Task details:
Copy all lines in the data that contain the string "Dphi".

Records for this task:
(* Let $p\ne2$ be a real number and let $F\subset\mathrm{Sym}^2(\mathbb{R}^n)$ be a cone subequation. Let $g:S^{n-1}\to[-\infty,\infty)$ and $u:\mathbb{R}^n\setminus\{0\}\to[-\infty,\infty)$ be upper semicontinuous functions related by $u(x)=\frac{1}{|x|^{p-2}}g\big(\frac{x}{|x|}\big)$. Then: $u$ is $F$-subharmonic on $\mathbb{R}^n\setminus\{0\}$ if and only if $g$ is $F_{S^{n-1}}$-subharmonic on $S^{n-1}$; and $u$ is $F$-harmonic on $\mathbb{R}^n\setminus\{0\}$ if and only if $g$ is $F_{S^{n-1}}$-subharmonic on $S^{n-1}$ and $-g$ is $(\widetilde F)_{S^{n-1}}$-subharmonic on $S^{n-1}$.
   Context: A cone subequation is a closed subset $F\subset\mathrm{Sym}^2(\mathbb{R}^n)$, $\emptyset\ne F\ne\mathrm{Sym}^2(\mathbb{R}^n)$, with $F+\{A\ge0\}\subset F$ and $tF\subset F$ for $t\ge0$. Its dual is $\widetilde F=\mathrm{Sym}^2(\mathbb{R}^n)\setminus(-\mathrm{Int}\,F)$. An upper semicontinuous $u$ on an open set is $F$-subharmonic if for each point $x$ and each $C^2$ function $\varphi$ near $x$ with $u\le\varphi$ near $x$, $u(x)=\varphi(x)$, one has $D^2\varphi(x)\in F$; $u$ is $F$-harmonic if $u$ is $F$-subharmonic and $-u$ is $\widetilde F$-subharmonic. Let $J^2(S^{n-1})$ be the Riemannian $2$-jet bundle with fibre $\mathbb{R}\times T^*_\sigma S^{n-1}\times\mathrm{Sym}^2(T^*_\sigma S^{n-1})$, and $J^2_\sigma\psi=(\psi(\sigma),D_\sigma\psi,\mathrm{Hess}_\sigma\psi)$. Define the bundle map $\Phi:J^2(S^{n-1})\to\mathrm{Sym}^2(\mathbb{R}^n)$ by $\Phi(r,q,H)=H-(p-2)rP_{\sigma^\perp}-(p-1)(\sigma q^t+q\sigma^t)+(p-2)(p-1)rP_\sigma$ at $\sigma$, where $q\in T_\sigma S^{n-1}\subset\mathbb{R}^n$ and $H$ is extended by zero on $\mathbb{R}\sigma$. For a subset $F$ set $F_{S^{n-1}}=\Phi^{-1}(F)\subset J^2(S^{n-1})$. An upper semicontinuous $g$ on $S^{n-1}$ is $F_{S^{n-1}}$-subharmonic if for each $\sigma$ and each $C^2$ function $\psi$ near $\sigma$ with $g\le\psi$ near $\sigma$, $g(\sigma)=\psi(\sigma)$, one has $J^2_\sigma\psi\in F_{S^{n-1}}$. *)

theory Defs
  imports "HOL-Analysis.Analysis" "HOL-Library.Extended_Real"
begin

definition Sym2 :: "(real^'n^'n) set" where
  "Sym2 = {A. transpose A = A}"

definition psd :: "real^'n^'n \<Rightarrow> bool" where
  "psd A \<longleftrightarrow> A \<in> Sym2 \<and> (\<forall>x. 0 \<le> x \<bullet> (A *v x))"

definition sym_interior :: "(real^'n^'n) set \<Rightarrow> (real^'n^'n) set" where
  "sym_interior F = {A \<in> Sym2. \<exists>e>0. \<forall>B\<in>Sym2. dist B A < e \<longrightarrow> B \<in> F}"

definition cone_subequation :: "(real^'n^'n) set \<Rightarrow> bool" where
  "cone_subequation F \<longleftrightarrow> F \<subseteq> Sym2 \<and> closed F \<and> F \<noteq> {} \<and> F \<noteq> Sym2 \<and>
     (\<forall>A\<in>F. \<forall>P. psd P \<longrightarrow> A + P \<in> F) \<and>
     (\<forall>A\<in>F. \<forall>t::real. t \<ge> 0 \<longrightarrow> t *\<^sub>R A \<in> F)"

definition dual_subeq :: "(real^'n^'n) set \<Rightarrow> (real^'n^'n) set" where
  "dual_subeq F = Sym2 - uminus ` (sym_interior F)"

definition usc_on :: "('a::metric_space) set \<Rightarrow> ('a \<Rightarrow> ereal) \<Rightarrow> bool" where
  "usc_on S u \<longleftrightarrow> (\<forall>x\<in>S. u x \<noteq> \<infinity>) \<and>
     (\<forall>x\<in>S. \<forall>c. u x < c \<longrightarrow> (\<exists>e>0. \<forall>y\<in>S. dist y x < e \<longrightarrow> u y < c))"

definition C2_near ::
  "(real^'n \<Rightarrow> real) \<Rightarrow> (real^'n \<Rightarrow> real^'n) \<Rightarrow> (real^'n \<Rightarrow> real^'n^'n) \<Rightarrow> real^'n \<Rightarrow> bool" where
  "C2_near phi Dphi Hphi x \<longleftrightarrow> (\<exists>e>0.
     (\<forall>y\<in>ball x e. (phi has_derivative (\<lambda>h. Dphi y \<bullet> h)) (at y) \<and>
                    (Dphi has_derivative (\<lambda>h. Hphi y *v h)) (at y)) \<and>
     continuous_on (ball x e) Hphi)"

definition F_subharmonic :: "(real^'n^'n) set \<Rightarrow> (real^'n) set \<Rightarrow> (real^'n \<Rightarrow> ereal) \<Rightarrow> bool" where
  "F_subharmonic F \<Omega> u \<longleftrightarrow> usc_on \<Omega> u \<and>
     (\<forall>x\<in>\<Omega>. \<forall>phi Dphi Hphi. C2_near phi Dphi Hphi x \<longrightarrow>
        (\<exists>e>0. \<forall>y\<in>\<Omega>. dist y x < e \<longrightarrow> u y \<le> ereal (phi y)) \<longrightarrow>
        u x = ereal (phi x) \<longrightarrow> Hphi x \<in> F)"

definition F_harmonic :: "(real^'n^'n) set \<Rightarrow> (real^'n) set \<Rightarrow> (real^'n \<Rightarrow> ereal) \<Rightarrow> bool" where
  "F_harmonic F \<Omega> u \<longleftrightarrow> F_subharmonic F \<Omega> u \<and> F_subharmonic (dual_subeq F) \<Omega> (\<lambda>x. - u x)"

definition outer :: "real^'n \<Rightarrow> real^'n \<Rightarrow> real^'n^'n" where
  "outer a b = (\<chi> i j. a $ i * b $ j)"

definition proj_along :: "real^'n \<Rightarrow> real^'n^'n" where
  "proj_along \<sigma> = outer \<sigma> \<sigma>"

definition proj_perp :: "real^'n \<Rightarrow> real^'n^'n" where
  "proj_perp \<sigma> = mat 1 - outer \<sigma> \<sigma>"
(* Let $T$ be a rooted tree with root $v$, with $n$ vertices and $l$ leaves, where the root is not counted as a leaf. Then $\alpha(T,v)\ge n-l-1+2^l$.
   Context: All trees are finite. Here a leaf is a non-root vertex of degree 1 (the root is never counted as a leaf, even if it has degree 1). A subtree is a nonempty vertex set inducing a connected subgraph, and $\alpha(T,v)$ is the number of subtrees of $T$ containing $v$. *)

theory Defs
  imports Main
begin

definition simple_graph :: "'a set \<Rightarrow> ('a \<Rightarrow> 'a \<Rightarrow> bool) \<Rightarrow> bool" where
  "simple_graph V E \<longleftrightarrow> finite V \<and> (\<forall>x y. E x y \<longrightarrow> x \<in> V \<and> y \<in> V)
     \<and> (\<forall>x y. E x y \<longrightarrow> E y x) \<and> (\<forall>x. \<not> E x x)"

definition induced_connected :: "('a \<Rightarrow> 'a \<Rightarrow> bool) \<Rightarrow> 'a set \<Rightarrow> bool" where
  "induced_connected E S \<longleftrightarrow>
     (\<forall>x\<in>S. \<forall>y\<in>S. (\<lambda>a b. a \<in> S \<and> b \<in> S \<and> E a b)\<^sup>*\<^sup>* x y)"

definition is_cycle :: "('a \<Rightarrow> 'a \<Rightarrow> bool) \<Rightarrow> 'a list \<Rightarrow> bool" where
  "is_cycle E cs \<longleftrightarrow> length cs \<ge> 3 \<and> distinct cs
     \<and> (\<forall>i. Suc i < length cs \<longrightarrow> E (cs ! i) (cs ! Suc i))
     \<and> E (last cs) (hd cs)"

definition is_tree :: "'a set \<Rightarrow> ('a \<Rightarrow> 'a \<Rightarrow> bool) \<Rightarrow> bool" where
  "is_tree V E \<longleftrightarrow> simple_graph V E \<and> V \<noteq> {} \<and> induced_connected E V
     \<and> (\<nexists>cs. is_cycle E cs)"

definition degree :: "'a set \<Rightarrow> ('a \<Rightarrow> 'a \<Rightarrow> bool) \<Rightarrow> 'a \<Rightarrow> nat" where
  "degree V E u = card {w \<in> V. E u w}"

definition leaves :: "'a set \<Rightarrow> ('a \<Rightarrow> 'a \<Rightarrow> bool) \<Rightarrow> 'a \<Rightarrow> 'a set" where
  "leaves V E r = {u \<in> V. u \<noteq> r \<and> degree V E u = 1}"

definition subtrees :: "'a set \<Rightarrow> ('a \<Rightarrow> 'a \<Rightarrow> bool) \<Rightarrow> 'a set set" where
  "subtrees V E = {S. S \<subseteq> V \<and> S \<noteq> {} \<and> induced_connected E S}"

definition alpha :: "'a set \<Rightarrow> ('a \<Rightarrow> 'a \<Rightarrow> bool) \<Rightarrow> 'a \<Rightarrow> nat" where
  "alpha V E v = card {S \<in> subtrees V E. v \<in> S}"

end

theory Submission
  imports Defs
begin

text \<open>Two disjoint families of subtrees containing the root v are exhibited. Deleting any set of
leaves from the tree leaves it connected, which gives 2^l subtrees. For each of the n - l - 1
inner vertices w, the component of v in T - w is a subtree; it determines w, being adjacent to
it, and it differs from every member of the first family, which all contain w.\<close>

definition component :: "('a \<Rightarrow> 'a \<Rightarrow> bool) \<Rightarrow> 'a set \<Rightarrow> 'a \<Rightarrow> 'a set" where
  "component E S v = {y. (\<lambda>a b. a \<in> S \<and> b \<in> S \<and> E a b)\<^sup>*\<^sup>* v y}"

lemma self_in_component: "v \<in> component E S v"
  by (simp add: component_def)

lemma component_subset:
  assumes "v \<in> S"
  shows "component E S v \<subseteq> S"
proof
  fix y assume "y \<in> component E S v"
  then have "(\<lambda>a b. a \<in> S \<and> b \<in> S \<and> E a b)\<^sup>*\<^sup>* v y" by (simp add: component_def)
  then show "y \<in> S" by (induction rule: rtranclp_induct) (use assms in auto)
qed

lemma component_closed:
  assumes "a \<in> component E S v" "b \<in> S" "E a b" "v \<in> S"
  shows "b \<in> component E S v"
  using assms component_subset[OF assms(4)] unfolding component_def
  by (auto intro: rtranclp.rtrancl_into_rtrancl)

lemma component_connected:
  assumes "symp E"
  shows "induced_connected E (component E S v)"
  unfolding induced_connected_def
proof (intro ballI)
  let ?C = "component E S v"
  let ?Q = "\<lambda>a b. a \<in> ?C \<and> b \<in> ?C \<and> E a b"
  have reach: "?Q\<^sup>*\<^sup>* v y" if "y \<in> ?C" for y
  proof -
    have "(\<lambda>a b. a \<in> S \<and> b \<in> S \<and> E a b)\<^sup>*\<^sup>* v y"
      using that by (simp add: component_def)
    then show ?thesis
    proof (induction rule: rtranclp_induct)
      case (step y z)
      then have "?Q y z"
        unfolding component_def by (auto intro: rtranclp.rtrancl_into_rtrancl)
      with step.IH show ?case by (rule rtranclp.rtrancl_into_rtrancl)
    qed simp
  qed
  have "symp ?Q" using assms by (auto intro!: sympI dest: sympD)
  then have "symp ?Q\<^sup>*\<^sup>*" by (rule symp_rtranclp)
  fix x y assume "x \<in> ?C" "y \<in> ?C"
  then show "?Q\<^sup>*\<^sup>* x y"
    using reach \<open>symp ?Q\<^sup>*\<^sup>*\<close> by (meson rtranclp_trans sympD)
qed

lemma component_Diff_adjacent:
  assumes "induced_connected E V" "v \<in> V" "w \<in> V" "w \<noteq> v"
  shows "\<exists>a \<in> component E (V - {w}) v. E a w"
proof -
  let ?C = "component E (V - {w}) v"
  have "y \<in> ?C \<or> (\<exists>a \<in> ?C. E a w)"
    if "(\<lambda>a b. a \<in> V \<and> b \<in> V \<and> E a b)\<^sup>*\<^sup>* v y" for y
    using that
  proof (induction rule: rtranclp_induct)
    case base
    show ?case by (simp add: self_in_component)
  next
    case (step y z)
    then show ?case using component_closed[of y E "V - {w}" v z] assms(2,4) by blast
  qed
  moreover have "(\<lambda>a b. a \<in> V \<and> b \<in> V \<and> E a b)\<^sup>*\<^sup>* v w"
    using assms(1-3) unfolding induced_connected_def by blast
  ultimately show ?thesis
    using component_subset[of v "V - {w}" E] assms(2,4) by blast
qed

lemma inj_on_component_Diff:
  assumes "induced_connected E V" "v \<in> V"
  shows "inj_on (\<lambda>w. component E (V - {w}) v) (V - {v})"
proof (rule inj_onI, rule ccontr)
  fix w w' assume w: "w \<in> V - {v}" and w': "w' \<in> V - {v}" and ne: "w \<noteq> w'"
    and eq: "component E (V - {w}) v = component E (V - {w'}) v"
  obtain a where "a \<in> component E (V - {w'}) v" "E a w'"
    using component_Diff_adjacent[OF assms] w' by blast
  then have "w' \<in> component E (V - {w}) v"
    using component_closed[of a E "V - {w}" v w'] eq w w' ne assms(2) by auto
  then show False
    using eq component_subset[of v "V - {w'}" E] w' assms(2) by blast
qed

text \<open>A walk through the pendant vertex u enters and leaves it via p, so the detour can be cut.\<close>

lemma induced_connected_Diff_pendant:
  assumes conn: "induced_connected E S" and "symp E"
    and pendant: "\<And>w. w \<in> S \<Longrightarrow> E u w \<Longrightarrow> w = p"
  shows "induced_connected E (S - {u})"
proof -
  let ?R = "\<lambda>a b. a \<in> S \<and> b \<in> S \<and> E a b"
  let ?R' = "\<lambda>a b. a \<in> S - {u} \<and> b \<in> S - {u} \<and> E a b"
  have avoid: "(y \<noteq> u \<longrightarrow> ?R'\<^sup>*\<^sup>* x y) \<and> (y = u \<longrightarrow> ?R'\<^sup>*\<^sup>* x p)"
    if "?R\<^sup>*\<^sup>* x y" "x \<noteq> u" for x y
    using that
  proof (induction rule: rtranclp_induct)
    case (step y z)
    show ?case
    proof (cases "y = u \<or> z = u")
      case True
      then have "y = u \<or> y = p" "z = u \<or> z = p"
        using step.hyps(2) pendant sympD[OF \<open>symp E\<close>] by blast+
      with step.IH step.prems show ?thesis by auto
    next
      case False
      with step.IH step.prems step.hyps(2) show ?thesis
        by (auto intro: rtranclp.rtrancl_into_rtrancl)
    qed
  qed simp
  show ?thesis
    using conn avoid unfolding induced_connected_def by blast
qed

lemma induced_connected_Diff_pendants:
  assumes "induced_connected E V" "symp E" "finite B"
    and "\<And>u. u \<in> B \<Longrightarrow> degree V E u = 1"
  shows "induced_connected E (V - B)"
  using assms(3,4)
proof (induction B rule: finite_induct)
  case empty
  then show ?case using assms(1) by simp
next
  case (insert u B)
  have "card {w \<in> V. E u w} = 1"
    using insert.prems[of u] unfolding degree_def by simp
  then obtain p where "{w \<in> V. E u w} = {p}" by (rule card_1_singletonE)
  then have "induced_connected E (V - B - {u})"
    using induced_connected_Diff_pendant[OF insert.IH \<open>symp E\<close>] insert.prems by blast
  moreover have "V - insert u B = V - B - {u}" by blast
  ultimately show ?case by simp
qed

lemma finite_subtrees: "finite V \<Longrightarrow> finite (subtrees V E)"
  unfolding subtrees_def by (rule finite_subset[of _ "Pow V"]) auto

theorem alpha_ge_connected:
  assumes "simple_graph V E" "induced_connected E V" "v \<in> V"
  shows "2 ^ card (leaves V E v) + card (V - leaves V E v - {v}) \<le> alpha V E v"
proof -
  have "finite V" and "symp E"
    using assms(1) unfolding simple_graph_def by (auto intro: sympI)
  define L where "L = leaves V E v"
  define T where "T = {S \<in> subtrees V E. v \<in> S}"
  define C where "C w = component E (V - {w}) v" for w
  have "L \<subseteq> V" "v \<notin> L" "finite L"
    using \<open>finite V\<close> finite_subset unfolding L_def leaves_def by auto
  have leaves_removed: "V - B \<in> T" if "B \<subseteq> L" for B
  proof -
    have "finite B" using that \<open>finite L\<close> by (rule finite_subset)
    moreover have "degree V E u = 1" if "u \<in> B" for u
      using that \<open>B \<subseteq> L\<close> unfolding L_def leaves_def by auto
    ultimately have "induced_connected E (V - B)"
      by (rule induced_connected_Diff_pendants[OF assms(2) \<open>symp E\<close>])
    moreover have "v \<in> V - B" using that assms(3) \<open>v \<notin> L\<close> by blast
    ultimately show ?thesis unfolding T_def subtrees_def by blast
  qed
  have component_removed: "C w \<in> T" if "w \<in> V - {v}" for w
    using component_connected[OF \<open>symp E\<close>] self_in_component[of v E "V - {w}"]
      component_subset[of v "V - {w}" E] that assms(3)
    unfolding C_def T_def subtrees_def by auto
  have distinct: "V - B \<noteq> C w" if "B \<subseteq> L" "w \<in> V - L - {v}" for B w
  proof -
    have "w \<in> V - B" using that by blast
    moreover have "w \<notin> C w"
      using component_subset[of v "V - {w}" E] that assms(3) unfolding C_def by blast
    ultimately show ?thesis by blast
  qed
  have "inj_on C (V - L - {v})"
    using inj_on_component_Diff[OF assms(2,3)] unfolding C_def by (rule inj_on_subset) blast
  then have "card (C ` (V - L - {v})) = card (V - L - {v})" by (rule card_image)
  moreover have "card ((\<lambda>B. V - B) ` Pow L) = 2 ^ card L"
    using \<open>L \<subseteq> V\<close> \<open>finite L\<close> by (subst card_image) (auto intro!: inj_onI simp: card_Pow)
  moreover have "card ((\<lambda>B. V - B) ` Pow L \<union> C ` (V - L - {v})) \<le> card T"
    using leaves_removed component_removed finite_subtrees[OF \<open>finite V\<close>]
    unfolding T_def by (intro card_mono) auto
  moreover have "(\<lambda>B. V - B) ` Pow L \<inter> C ` (V - L - {v}) = {}"
    using distinct by blast
  ultimately show ?thesis
    using \<open>finite V\<close> \<open>finite L\<close> unfolding alpha_def T_def[symmetric] L_def[symmetric]
    by (simp add: card_Un_disjoint)
qed

theorem mainTheorem9:
  fixes V :: "'a set" and E :: "'a \<Rightarrow> 'a \<Rightarrow> bool" and v :: 'a
  assumes "is_tree V E" and "v \<in> V"
  shows "int (alpha V E v) \<ge>
           int (card V) - int (card (leaves V E v)) - 1 + 2 ^ card (leaves V E v)"
proof -
  have graph: "simple_graph V E" and conn: "induced_connected E V"
    using assms(1) unfolding is_tree_def by auto
  then have "finite V" by (simp add: simple_graph_def)
  have "insert v (leaves V E v) \<subseteq> V" "v \<notin> leaves V E v"
    using assms(2) unfolding leaves_def by auto
  moreover have "finite (leaves V E v)"
    using \<open>finite V\<close> unfolding leaves_def by simp
  ultimately have "card V \<ge> card (leaves V E v) + 1"
    and "card (V - leaves V E v - {v}) = card V - (card (leaves V E v) + 1)"
    using card_mono[OF \<open>finite V\<close>, of "insert v (leaves V E v)"]
      card_Diff_subset[of "insert v (leaves V E v)" V]
    by (auto simp: Diff_insert2[symmetric])
  then have "int (card (V - leaves V E v - {v})) = int (card V) - int (card (leaves V E v)) - 1"
    by simp
  moreover have "int (2 ^ card (leaves V E v) + card (V - leaves V E v - {v})) \<le> int (alpha V E v)"
    using alpha_ge_connected[OF graph conn assms(2)] by (simp only: of_nat_le_iff)
  ultimately show ?thesis by simp
qed

end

Response to this exercise:
  "C2_near phi Dphi Hphi x \<longleftrightarrow> (\<exists>e>0.
     (\<forall>y\<in>ball x e. (phi has_derivative (\<lambda>h. Dphi y \<bullet> h)) (at y) \<and>
                    (Dphi has_derivative (\<lambda>h. Hphi y *v h)) (at y)) \<and>
     (\<forall>x\<in>\<Omega>. \<forall>phi Dphi Hphi. C2_near phi Dphi Hphi x \<longrightarrow>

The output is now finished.